[REQUIRED ACTION]
Return the entries in full, exactly as written.

[DATASET RECORDS]
####

(* Let $\beta>0$ and let $N$ be a nonnegative integer random variable with $P(N\ge n)=1-e^{-\beta/n}$ for all integers $n\ge1$. Let $0<p<1$. For the one-dimensional oriented percolation with random range with bond parameter $p$, if $\beta>1/p$ then $\theta(p,0)=P(0\to\infty)>0$.
   Context: One-dimensional percolation with random range (equivalently, the APRR model with $q=0$, restricted to the line through the origin in direction $\vec e_1$). Let $\mathbf N=(N_i)_{i\in\mathbb{Z}}$ be i.i.d. with law $N$, and let $G_{\mathbf N}$ be the oriented graph on $\mathbb{Z}$ with bonds $\{(i,i+n): i\in\mathbb{Z},\ 1\le n\le N_i\}$. Given $p\in[0,1]$, each bond of $G_{\mathbf N}$ is open independently with probability $p$. $(0\to\infty)$ is the event that $0$ is connected by oriented open paths to infinitely many vertices, and $\theta(p,0)=P(0\to\infty)$. *)

theory Defs
  imports "HOL-Probability.Probability"
begin

text \<open>Configuration at a site i: the range N_i and the bond states
  (bond (i, i+n) is open iff the second component is True at n; index 0 unused).\<close>
type_synonym site = "nat \<times> (nat \<Rightarrow> bool)"

definition site_measure :: "nat pmf \<Rightarrow> real \<Rightarrow> site measure" where
  "site_measure Nl p =
     measure_pmf Nl \<Otimes>\<^sub>M (PiM (UNIV :: nat set) (\<lambda>_. measure_pmf (bernoulli_pmf p)))"

definition perc_measure :: "nat pmf \<Rightarrow> real \<Rightarrow> (int \<Rightarrow> site) measure" where
  "perc_measure Nl p = PiM (UNIV :: int set) (\<lambda>_. site_measure Nl p)"

definition open_bond :: "(int \<Rightarrow> site) \<Rightarrow> int \<Rightarrow> int \<Rightarrow> bool" where
  "open_bond \<omega> i j \<longleftrightarrow> i < j \<and> j - i \<le> int (fst (\<omega> i)) \<and> snd (\<omega> i) (nat (j - i))"

definition connected_to_infinity :: "(int \<Rightarrow> site) \<Rightarrow> bool" where
  "connected_to_infinity \<omega> \<longleftrightarrow>
     infinite {j. (0::int, j) \<in> {(i, j). open_bond \<omega> i j}\<^sup>*}"

definition theta :: "nat pmf \<Rightarrow> real \<Rightarrow> real" where
  "theta Nl p = measure (perc_measure Nl p)
     {\<omega> \<in> space (perc_measure Nl p). connected_to_infinity \<omega>}"

end

theory Submission
  imports Defs
begin

text \<open>Every site \<open>n > 0\<close> is reached from 0 as soon as it receives an open bond from some site
  in \<open>[0, n)\<close>. Site \<open>j\<close> receives none with probability
  \<open>\<Prod>i<j. 1 - p P(N \<ge> j - i) \<le> exp (- p (\<Sum>m = 1..j. P(N \<ge> m)))\<close>; since
  \<open>P(N \<ge> m) \<approx> \<beta> / m\<close>, this is of order \<open>j powr (- p \<beta>)\<close>, summable as \<open>p \<beta> > 1\<close>.
  Choose \<open>K\<close> so that the tail of the series beyond \<open>K\<close> is below 1 and require the unit bonds
  \<open>(i, i + 1)\<close>, \<open>0 \<le> i < K\<close>, to be open. By independence of the sites this costs only a factor
  \<open>(p P(N \<ge> 1)) ^ K > 0\<close>, and a union bound over \<open>j > K\<close> leaves positive probability that
  every site is reached.\<close>

lemma one_minus_exp_neg_ge:
  fixes x :: real
  assumes "0 \<le> x"
  shows "x - x\<^sup>2 \<le> 1 - exp (- x)"
proof -
  have "exp (- x) \<le> 1 / (1 + x)"
    using exp_ge_add_one_self[of x] assms by (simp add: exp_minus field_simps)
  moreover have "x - x\<^sup>2 \<le> 1 - 1 / (1 + x)"
    using assms by (simp add: field_simps power2_eq_square)
  ultimately show ?thesis by linarith
qed

lemma prod_one_minus_le_exp_neg_sum:
  fixes x :: "'a \<Rightarrow> real"
  assumes "finite A" "\<And>i. i \<in> A \<Longrightarrow> x i \<le> 1"
  shows "(\<Prod>i\<in>A. 1 - x i) \<le> exp (- (\<Sum>i\<in>A. x i))"
proof -
  have "(\<Prod>i\<in>A. 1 - x i) \<le> (\<Prod>i\<in>A. exp (- x i))"
    using assms exp_ge_add_one_self[of "- x _"] by (intro prod_mono) auto
  also have "\<dots> = exp (\<Sum>i\<in>A. - x i)" using assms(1) by (simp add: exp_sum)
  finally show ?thesis by (simp add: sum_negf)
qed

lemma summable_inverse_Suc_squared: "summable (\<lambda>n. inverse (real (Suc n)) ^ 2)"
  using summable_ignore_initial_segment[OF inverse_power_summable[of 2], of 1]
  by (simp add: power_inverse)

####

[EXERCISE RESULT]
(* Let $\beta>0$ and let $N$ be a nonnegative integer random variable with $P(N\ge n)=1-e^{-\beta/n}$ for all integers $n\ge1$. Let $0<p<1$. For the one-dimensional oriented percolation with random range with bond parameter $p$, if $\beta>1/p$ then $\theta(p,0)=P(0\to\infty)>0$.
   Context: One-dimensional percolation with random range (equivalently, the APRR model with $q=0$, restricted to the line through the origin in direction $\vec e_1$). Let $\mathbf N=(N_i)_{i\in\mathbb{Z}}$ be i.i.d. with law $N$, and let $G_{\mathbf N}$ be the oriented graph on $\mathbb{Z}$ with bonds $\{(i,i+n): i\in\mathbb{Z},\ 1\le n\le N_i\}$. Given $p\in[0,1]$, each bond of $G_{\mathbf N}$ is open independently with probability $p$. $(0\to\infty)$ is the event that $0$ is connected by oriented open paths to infinitely many vertices, and $\theta(p,0)=P(0\to\infty)$. *)

theory Defs
  imports "HOL-Probability.Probability"
begin

text \<open>Configuration at a site i: the range N_i and the bond states
  (bond (i, i+n) is open iff the second component is True at n; index 0 unused).\<close>
type_synonym site = "nat \<times> (nat \<Rightarrow> bool)"

definition site_measure :: "nat pmf \<Rightarrow> real \<Rightarrow> site measure" where
  "site_measure Nl p =
     measure_pmf Nl \<Otimes>\<^sub>M (PiM (UNIV :: nat set) (\<lambda>_. measure_pmf (bernoulli_pmf p)))"

definition perc_measure :: "nat pmf \<Rightarrow> real \<Rightarrow> (int \<Rightarrow> site) measure" where
  "perc_measure Nl p = PiM (UNIV :: int set) (\<lambda>_. site_measure Nl p)"

definition open_bond :: "(int \<Rightarrow> site) \<Rightarrow> int \<Rightarrow> int \<Rightarrow> bool" where
  "open_bond \<omega> i j \<longleftrightarrow> i < j \<and> j - i \<le> int (fst (\<omega> i)) \<and> snd (\<omega> i) (nat (j - i))"

definition connected_to_infinity :: "(int \<Rightarrow> site) \<Rightarrow> bool" where
  "connected_to_infinity \<omega> \<longleftrightarrow>
     infinite {j. (0::int, j) \<in> {(i, j). open_bond \<omega> i j}\<^sup>*}"

definition theta :: "nat pmf \<Rightarrow> real \<Rightarrow> real" where
  "theta Nl p = measure (perc_measure Nl p)
     {\<omega> \<in> space (perc_measure Nl p). connected_to_infinity \<omega>}"

end

theory Submission
  imports Defs
begin

text \<open>Every site \<open>n > 0\<close> is reached from 0 as soon as it receives an open bond from some site
  in \<open>[0, n)\<close>. Site \<open>j\<close> receives none with probability
  \<open>\<Prod>i<j. 1 - p P(N \<ge> j - i) \<le> exp (- p (\<Sum>m = 1..j. P(N \<ge> m)))\<close>; since
  \<open>P(N \<ge> m) \<approx> \<beta> / m\<close>, this is of order \<open>j powr (- p \<beta>)\<close>, summable as \<open>p \<beta> > 1\<close>.
  Choose \<open>K\<close> so that the tail of the series beyond \<open>K\<close> is below 1 and require the unit bonds
  \<open>(i, i + 1)\<close>, \<open>0 \<le> i < K\<close>, to be open. By independence of the sites this costs only a factor
  \<open>(p P(N \<ge> 1)) ^ K > 0\<close>, and a union bound over \<open>j > K\<close> leaves positive probability that
  every site is reached.\<close>

lemma one_minus_exp_neg_ge:
  fixes x :: real
  assumes "0 \<le> x"
  shows "x - x\<^sup>2 \<le> 1 - exp (- x)"
proof -
  have "exp (- x) \<le> 1 / (1 + x)"
    using exp_ge_add_one_self[of x] assms by (simp add: exp_minus field_simps)
  moreover have "x - x\<^sup>2 \<le> 1 - 1 / (1 + x)"
    using assms by (simp add: field_simps power2_eq_square)
  ultimately show ?thesis by linarith
qed

lemma prod_one_minus_le_exp_neg_sum:
  fixes x :: "'a \<Rightarrow> real"
  assumes "finite A" "\<And>i. i \<in> A \<Longrightarrow> x i \<le> 1"
  shows "(\<Prod>i\<in>A. 1 - x i) \<le> exp (- (\<Sum>i\<in>A. x i))"
proof -
  have "(\<Prod>i\<in>A. 1 - x i) \<le> (\<Prod>i\<in>A. exp (- x i))"
    using assms exp_ge_add_one_self[of "- x _"] by (intro prod_mono) auto
  also have "\<dots> = exp (\<Sum>i\<in>A. - x i)" using assms(1) by (simp add: exp_sum)
  finally show ?thesis by (simp add: sum_negf)
qed

lemma summable_inverse_Suc_squared: "summable (\<lambda>n. inverse (real (Suc n)) ^ 2)"
  using summable_ignore_initial_segment[OF inverse_power_summable[of 2], of 1]
  by (simp add: power_inverse)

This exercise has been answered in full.